To incorporate the new data into our solutions, we updated Provisional Personas and created storyboards as we iterated our ideas
The Emotional Support team pivoted their solution from events to a Slack community.
The Career Path team updated their 5-step path to a simpler 3-step path based on interview data. To test our iterations, we conducted 3 user interviews with updated prototypes.
Why we did this: Interview data suggested we needed to update our solutions. After iterating, we wanted to mitigate risk by testing again.
I updated personas to reflect new interview data:
Bia is a recent UX bootcamp grad.
She’s somewhat familiar with the field thanks to her bootcamp, but still has a lot to learn. While optimistic, she has plenty of “now what?” moments that feel like dead ends.
Judy landed a job 3 months ago.
Imposter syndrome still rears its head, though. She wants to find a way to gain experience outside the workplace in an environment that will allow her to boost her confidence through helping others.
I wrote copy for stories about the existing Beela experience and the Career Path team’s solution.

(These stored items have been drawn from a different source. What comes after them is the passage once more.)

(* Let $q$ be an odd prime power and $\varepsilon=(-1)^{(q-1)/2}$ (so $q\equiv\varepsilon\pmod 4$ and $\varepsilon=\left(\frac{-1}{q}\right)$). For every $k\ge 1$ we have $D_k(2)=2$, $D_k(-2)=(-1)^k\cdot 2$, and, viewing $D_k$ as a map ${\mathbb F}_q\to{\mathbb F}_q$: (i) $D_k(\mathcal A_2^{++})\subset \mathcal A_2^{++}\sqcup\{2,-2\varepsilon\}$ and $D_k(\mathcal A_2^{-+})\subset \mathcal A_2^{-+}\sqcup\{2,2\varepsilon\}$. (ii) If $k$ is odd then $D_k(\mathcal A_2^{\varepsilon,-})\subset \mathcal A_2^{\varepsilon,-}\sqcup\{-2\}$ and $D_k(\mathcal A_2^{-\varepsilon,-})\subset\mathcal A_2^{-\varepsilon,-}$. (iii) If $k$ is even then $D_k(\mathcal A_2^{--})\subset \mathcal A_2^{++}\sqcup\{2,-2\varepsilon\}$ and $D_k(\mathcal A_2^{+-})\subset\mathcal A_2^{-+}\sqcup\{2,2\varepsilon\}$. (iv) If $(q-1)/2$ divides $k$, then $D_k({\mathbb F}_q)\subset \mathcal A_2^{+-}\sqcup\mathcal A_2^{-+}\sqcup\{2,-2\}$; if in addition $k$ is even then $D_k({\mathbb F}_q)\subset\mathcal A_2^{-+}\sqcup\{2,-2\}$. (v) If $(q+1)/2$ divides $k$, then $D_k({\mathbb F}_q)\subset \mathcal A_2^{++}\sqcup\mathcal A_2^{--}\sqcup\{2,-2\}$; if in addition $k$ is even then $D_k({\mathbb F}_q)\subset\mathcal A_2^{++}\sqcup\{2,-2\}$. (vi) If $\mathcal A_2^{\varepsilon_1,\varepsilon_2}$ is nonempty, then $D_k$ permutes $\mathcal A_2^{\varepsilon_1,\varepsilon_2}$ if and only if $\gcd(k,d^{\varepsilon_1,\varepsilon_2})=1$, where $d^{++}=(q-1)/2$, $d^{+-}=q+1$, $d^{-+}=(q+1)/2$, $d^{--}=q-1$.
   Context: The Dickson polynomials of the first kind $D_k(x)\in\mathbb Z[x]$ are defined by $D_0=2$, $D_1=x$, $D_{k+2}=xD_{k+1}-D_k$; equivalently $D_k(u+1/u)=u^k+u^{-k}$ for an indeterminate $u$. They are regarded as functions on ${\mathbb F}_q$ by reducing coefficients. For $q$ odd and $a\in{\mathbb F}_q$, $\left(\frac{a}{q}\right)$ is $1$ if $a$ is a nonzero square, $-1$ if $a$ is a nonsquare, $0$ if $a=0$. For $\varepsilon_1,\varepsilon_2\in\{1,-1\}$ (written $+,-$) and $\lambda\in{\mathbb F}_q^\times$, $\mathcal A_\lambda^{\varepsilon_1,\varepsilon_2}=\{u\in{\mathbb F}_q: \left(\frac{u-\lambda}{q}\right)=\varepsilon_1,\ \left(\frac{u+\lambda}{q}\right)=\varepsilon_2\}$. *)

theory Defs
  imports Main
begin

fun dickson :: "nat \<Rightarrow> 'a::comm_ring_1 \<Rightarrow> 'a" where
  "dickson 0 x = 2"
| "dickson (Suc 0) x = x"
| "dickson (Suc (Suc k)) x = x * dickson (Suc k) x - dickson k x"

definition qchar :: "'a::field \<Rightarrow> int" where
  "qchar a = (if a = 0 then 0 else if (\<exists>y. y ^ 2 = a) then 1 else -1)"

definition Aset :: "'a::field \<Rightarrow> int \<Rightarrow> int \<Rightarrow> 'a set" where
  "Aset lam e1 e2 = {u. qchar (u - lam) = e1 \<and> qchar (u + lam) = e2}"

definition dval :: "nat \<Rightarrow> int \<Rightarrow> int \<Rightarrow> nat" where
  "dval q e1 e2 =
     (if e1 = 1 \<and> e2 = 1 then (q - 1) div 2
      else if e1 = 1 \<and> e2 = -1 then q + 1
      else if e1 = -1 \<and> e2 = 1 then (q + 1) div 2
      else q - 1)"

end

theory Submission
  imports Defs "HOL-Computational_Algebra.Polynomial" "HOL-Library.Cardinality"
begin

(* Write q for the order of the field.  Every x in F_q is u + u^-1 for some u in F_{q^2} lying in
   the split torus F_q^* (order q - 1) or in the norm-one torus (order q + 1), and
   D_k (u + u^-1) = u^k + u^-k.  Euler's criterion applied to x + 2 = (u + 1)^2/u and
   x - 2 = (u - 1)^2/u shows that the pair of characters ((x - 2)/q, (x + 2)/q) is (s, s) on the
   split torus and (-s, s) on the norm-one torus, where s = u^(n/2) is the quadratic character
   of u in its torus of order n.  So Aset 2 e1 e2 is the image, under u |-> u + u^-1, of the
   elements of character e2 other than +-1 in the torus of order n = q - e1 e2, and D_k acts
   there as u |-> u^k.  Parts (i)-(v) follow from s(u^k) = s(u)^k; part (vi) from the fact
   that u |-> u^k permutes these elements iff k is prime to n/2 (for e2 = 1) or to n
   (for e2 = -1). *)

lemma dickson_add_inverse:
  fixes u v :: "'a::comm_ring_1"
  assumes "u * v = 1"
  shows "dickson k (u + v) = u ^ k + v ^ k"
proof (induction k "u + v" rule: dickson.induct)
  case (3 k)
  have "dickson (Suc (Suc k)) (u + v) = (u + v) * (u ^ Suc k + v ^ Suc k) - (u ^ k + v ^ k)"
    using 3 by simp
  also have "\<dots> = u ^ Suc (Suc k) + v ^ Suc (Suc k) + (u * v - 1) * (u ^ k + v ^ k)"
    by (simp add: algebra_simps)
  finally show ?case
    using assms by simp
qed simp_all

lemma dickson_two: "dickson k (2 :: 'a::comm_ring_1) = 2"
  using dickson_add_inverse[of 1 1 k] by simp

lemma dickson_minus_two: "dickson k (- 2 :: 'a::comm_ring_1) = (- 1) ^ k * 2"
  using dickson_add_inverse[of "- 1" "- 1" k] by (simp add: mult_2_right)

section \<open>Roots of unity in finite fields\<close>

definition roots_unity :: "nat \<Rightarrow> 'a::field set" where
  "roots_unity n = {u. u ^ n = 1}"

lemma power_roots_bound:
  fixes c :: "'a::idom"
  assumes "n > 0"
  shows "finite {y. y ^ n = c}" and "card {y. y ^ n = c} \<le> n"
proof -
  define p where "p = monom 1 n + [:- c:]"
  have deg: "degree p = n"
    using assms unfolding p_def by (subst degree_add_eq_left) (simp_all add: degree_monom_eq)
  hence "p \<noteq> 0"
    using assms by auto
  moreover have roots: "{y. poly p y = 0} = {y. y ^ n = c}"
    by (auto simp: p_def poly_monom)
  ultimately show "finite {y. y ^ n = c}" and "card {y. y ^ n = c} \<le> n"
    using poly_roots_finite[of p] card_poly_roots_bound[of p] deg by simp_all
qed

lemma card_le_mult_card_image:
  assumes "finite A" and "\<And>z. card {y \<in> A. f y = z} \<le> m"
  shows "card A \<le> m * card (f ` A)"
proof -
  have "card A = card (\<Union>z\<in>f ` A. {y \<in> A. f y = z})"
    by (rule arg_cong[where f = card]) auto
  also have "\<dots> \<le> (\<Sum>z\<in>f ` A. card {y \<in> A. f y = z})"
    using assms(1) by (intro card_UN_le) simp
  also have "\<dots> \<le> (\<Sum>z\<in>f ` A. m)"
    by (intro sum_mono assms(2))
  finally show ?thesis
    by (simp add: mult.commute)
qed

lemma power_card_minus_one:
  fixes x :: "'a::{field,finite}"
  assumes "x \<noteq> 0"
  shows "x ^ (CARD('a) - 1) = 1"
proof -
  let ?U = "UNIV - {0 :: 'a}"
  have "(\<Prod>y\<in>?U. x * y) = (\<Prod>y\<in>?U. y)"
    by (rule prod.reindex_bij_witness[of _ "\<lambda>y. y / x" "\<lambda>y. x * y"]) (use assms in auto)
  moreover have "(\<Prod>y\<in>?U. x * y) = x ^ (CARD('a) - 1) * (\<Prod>y\<in>?U. y)"
    by (simp add: prod.distrib card_Diff_subset)
  moreover have "(\<Prod>y\<in>?U. y) \<noteq> 0"
    by simp
  ultimately show ?thesis
    by simp
qed

lemma card_field_ge_two: "CARD('a::{field,finite}) \<ge> 2"
proof -
  have "card {0 :: 'a, 1} \<le> CARD('a)"
    by (rule card_mono) auto
  thus ?thesis
    by simp
qed

lemma power_card_split: "(x :: 'b::monoid_mult) ^ CARD('a::{field,finite}) = x ^ (CARD('a) - 1) * x"
  using card_field_ge_two[where 'a = 'a] by (simp flip: power_Suc2)

lemma power_card_eq_self: "a ^ CARD('a) = (a :: 'a::{field,finite})"
  using power_card_split[of a, where 'a = 'a] power_card_minus_one[of a] by (cases "a = 0") simp_all

lemma power_image_nonzero:
  fixes e d :: nat
  assumes ed: "e * d = CARD('a::{field,finite}) - 1"
  shows "(\<lambda>y. y ^ e) ` (UNIV - {0}) = (roots_unity d :: 'a set)"
    and "card (roots_unity d :: 'a set) = d"
proof -
  let ?S = "(\<lambda>y. y ^ e) ` (UNIV - {0 :: 'a})"
  have "e * d > 0"
    using ed card_field_ge_two[where 'a = 'a] by simp
  hence pos: "e > 0" "d > 0"
    by simp_all
  have "(y ^ e) ^ d = 1" if "y \<noteq> 0" for y :: 'a
    by (simp only: power_mult[symmetric] ed power_card_minus_one[OF that])
  hence sub: "?S \<subseteq> roots_unity d"
    by (auto simp: roots_unity_def)
  have fin: "finite (roots_unity d :: 'a set)" and le: "card (roots_unity d :: 'a set) \<le> d"
    using power_roots_bound[OF pos(2)] by (simp_all add: roots_unity_def)
  have fibre: "card {y \<in> UNIV - {0}. y ^ e = z} \<le> e" for z :: 'a
  proof -
    have "card {y \<in> UNIV - {0}. y ^ e = z} \<le> card {y. y ^ e = z}"
      by (intro card_mono power_roots_bound(1)[OF pos(1)]) blast
    also have "\<dots> \<le> e"
      by (rule power_roots_bound(2)[OF pos(1)])
    finally show ?thesis .
  qed
  have "e * d = card (UNIV - {0 :: 'a})"
    by (simp add: card_Diff_subset ed)
  also have "\<dots> \<le> e * card ?S"
    by (intro card_le_mult_card_image fibre) simp
  finally have "d \<le> card ?S"
    using pos(1) by simp
  moreover have "card ?S \<le> card (roots_unity d :: 'a set)"
    by (rule card_mono[OF fin sub])
  ultimately have "card ?S = card (roots_unity d :: 'a set)" "card (roots_unity d :: 'a set) = d"
    using le by linarith+
  thus "?S = roots_unity d" "card (roots_unity d :: 'a set) = d"
    using card_subset_eq[OF fin sub] by simp_all
qed

lemma card_roots_unity:
  "d dvd CARD('a::{field,finite}) - 1 \<Longrightarrow> card (roots_unity d :: 'a set) = d"
  by (elim dvdE) (metis mult.commute power_image_nonzero(2))

lemma of_nat_card_eq_zero: "of_nat CARD('a::{comm_ring_1,finite}) = (0 :: 'a)"
proof -
  have "(\<Sum>y\<in>UNIV. y + 1) = (\<Sum>y\<in>UNIV. y :: 'a)"
    by (rule sum.reindex_bij_witness[of _ "\<lambda>y. y - 1" "\<lambda>y. y + 1"]) auto
  thus ?thesis
    by (simp add: sum.distrib)
qed

lemma two_neq_zero_odd_card:
  assumes "odd CARD('a::{field,finite})"
  shows "(2 :: 'a) \<noteq> 0"
proof
  assume two: "(2 :: 'a) = 0"
  obtain m where "CARD('a) = 2 * m + 1"
    using assms oddE by blast
  hence "(of_nat CARD('a) :: 'a) = 1"
    using two by simp
  thus False
    using of_nat_card_eq_zero[where 'a = 'a] by simp
qed

lemma minus_one_neq_one: "(2 :: 'a::ring_1) \<noteq> 0 \<Longrightarrow> (- 1 :: 'a) \<noteq> 1"
  by (metis one_add_one add.right_inverse)

lemma of_int_eq_iff_signs:
  assumes "(2 :: 'a::ring_1) \<noteq> 0" "i \<in> {- 1, 0, 1}" "j \<in> {- 1, 0, 1}"
  shows "(of_int i :: 'a) = of_int j \<longleftrightarrow> i = j"
  using assms minus_one_neq_one[OF assms(1)] by auto

lemma of_int_qchar_eq_power:
  fixes a :: "'a::{field,finite}"
  assumes odd: "odd CARD('a)"
  shows "of_int (qchar a) = a ^ ((CARD('a) - 1) div 2)"
proof -
  let ?m = "(CARD('a) - 1) div 2"
  have m: "2 * ?m = CARD('a) - 1"
    using odd by simp
  have "?m > 0"
    using odd card_field_ge_two[where 'a = 'a] by (auto elim!: oddE)
  show ?thesis
  proof (cases "\<exists>y. y ^ 2 = a")
    case True
    show ?thesis
    proof (cases "a = 0")
      case False
      with True have "a \<in> (\<lambda>y. y ^ 2) ` (UNIV - {0})"
        by force
      hence "a ^ ?m = 1"
        unfolding power_image_nonzero(1)[OF m] by (simp add: roots_unity_def)
      thus ?thesis
        using False True by (simp add: qchar_def)
    qed (use \<open>?m > 0\<close> in \<open>simp add: qchar_def\<close>)
  next
    case False
    have "a \<notin> (\<lambda>y. y ^ 2) ` (UNIV - {0})"
      using False by blast
    hence "a ^ ?m \<noteq> 1"
      unfolding power_image_nonzero(1)[OF m] by (simp add: roots_unity_def)
    moreover have "a \<noteq> 0"
      using False by (metis zero_power2)
    moreover have "(a ^ ?m) ^ 2 = 1"
      by (simp only: power_mult[symmetric] mult.commute[of ?m] m power_card_minus_one[OF \<open>a \<noteq> 0\<close>])
    ultimately have "a ^ ?m = - 1"
      by (simp add: power2_eq_1_iff)
    thus ?thesis
      using False \<open>a \<noteq> 0\<close> by (simp add: qchar_def)
  qed
qed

The existing storyboard shows users trying to navigate the career transition process by seraching online and trying to figure it out themselves:
The Career Path solution storyboard shows what happens when Beela anticipates users' needs and provides tools to help users decide on a career path and give them the right information at the right time:
Before we passed our work onto Phase 3, we inserted our solutions into a mid-fidelity version of Beela’s home page and ran two usability tests.
Why we did this: We wanted to see if our solutions would stand up in context and gather as much information as possible to pass on to Phase 3.
The first part of our solution encouraged the absolute beginner who is curious about the various roles in tech. The career paths that Beela supports—everything from Software Development to Data Science to UX Design—will live here.
The Career Path team consolidated the number of steps in the previous Sprint’s prototype from five steps to three steps. In this section, users can take the appropriate action based on where they are in the journey:
The Emotional Support team added their Slack solution into the Programmes and Activities section.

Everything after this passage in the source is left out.